• DATA TO EXAMINE:
lemma le_sqrt_if_tangent_bounds:
  fixes y q :: real
  assumes "0 \<le> q" and tangent: "\<And>c. 0 < c \<Longrightarrow> y \<le> q / (2 * c) + c / 2"
  shows "y \<le> sqrt q"
proof (cases "q = 0")
  case True
  show ?thesis
  proof (rule ccontr)
    assume "\<not> y \<le> sqrt q"
    then have "0 < y" using True by simp
    then show False using tangent[of y] True by simp
  qed
next
  case False
  then have "0 < sqrt q" using \<open>0 \<le> q\<close> by simp
  then have "y \<le> q / (2 * sqrt q) + sqrt q / 2" by (rule tangent)
  also have "q / (2 * sqrt q) = sqrt q / 2"
    using \<open>0 < sqrt q\<close> \<open>0 \<le> q\<close> by (simp add: field_simps real_sqrt_mult[symmetric])
  finally show ?thesis by simp
qed

lemma (in prob_space) integral_le_tangent_bound:
  fixes g :: "'a \<Rightarrow> real"
  assumes "g \<in> borel_measurable M" "integrable M (\<lambda>r. (g r)\<^sup>2)" "0 < c"
  shows "(\<integral>r. g r \<partial>M) \<le> (\<integral>r. (g r)\<^sup>2 \<partial>M) / (2 * c) + c / 2"
proof -
  have pointwise: "g r \<le> (g r)\<^sup>2 / (2 * c) + c / 2" for r
  proof -
    have "2 * c * g r \<le> (g r)\<^sup>2 + c\<^sup>2"
      using zero_le_power2[of "g r - c"] by (simp add: power2_eq_square algebra_simps)
    then show ?thesis using \<open>0 < c\<close> by (simp add: field_simps power2_eq_square)
  qed
  have "(\<integral>r. g r \<partial>M) \<le> (\<integral>r. (g r)\<^sup>2 / (2 * c) + c / 2 \<partial>M)"
    using assms square_integrable_imp_integrable pointwise by (intro integral_mono) auto
  also have "\<dots> = (\<integral>r. (g r)\<^sup>2 \<partial>M) / (2 * c) + c / 2"
    using assms prob_space by simp
  finally show ?thesis .
qed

• EXERCISE PROMPT:
Set down the complete listing once more, exactly as it stands above.

• TASK ANSWER:
lemma le_sqrt_if_tangent_bounds:
  fixes y q :: real
  assumes "0 \<le> q" and tangent: "\<And>c. 0 < c \<Longrightarrow> y \<le> q / (2 * c) + c / 2"
  shows "y \<le> sqrt q"
proof (cases "q = 0")
  case True
  show ?thesis
  proof (rule ccontr)
    assume "\<not> y \<le> sqrt q"
    then have "0 < y" using True by simp
    then show False using tangent[of y] True by simp
  qed
next
  case False
  then have "0 < sqrt q" using \<open>0 \<le> q\<close> by simp
  then have "y \<le> q / (2 * sqrt q) + sqrt q / 2" by (rule tangent)
  also have "q / (2 * sqrt q) = sqrt q / 2"
    using \<open>0 < sqrt q\<close> \<open>0 \<le> q\<close> by (simp add: field_simps real_sqrt_mult[symmetric])
  finally show ?thesis by simp
qed

lemma (in prob_space) integral_le_tangent_bound:
  fixes g :: "'a \<Rightarrow> real"
  assumes "g \<in> borel_measurable M" "integrable M (\<lambda>r. (g r)\<^sup>2)" "0 < c"
  shows "(\<integral>r. g r \<partial>M) \<le> (\<integral>r. (g r)\<^sup>2 \<partial>M) / (2 * c) + c / 2"
proof -
  have pointwise: "g r \<le> (g r)\<^sup>2 / (2 * c) + c / 2" for r
  proof -
    have "2 * c * g r \<le> (g r)\<^sup>2 + c\<^sup>2"
      using zero_le_power2[of "g r - c"] by (simp add: power2_eq_square algebra_simps)
    then show ?thesis using \<open>0 < c\<close> by (simp add: field_simps power2_eq_square)
  qed
  have "(\<integral>r. g r \<partial>M) \<le> (\<integral>r. (g r)\<^sup>2 / (2 * c) + c / 2 \<partial>M)"
    using assms square_integrable_imp_integrable pointwise by (intro integral_mono) auto
  also have "\<dots> = (\<integral>r. (g r)\<^sup>2 \<partial>M) / (2 * c) + c / 2"
    using assms prob_space by simp
  finally show ?thesis .
qed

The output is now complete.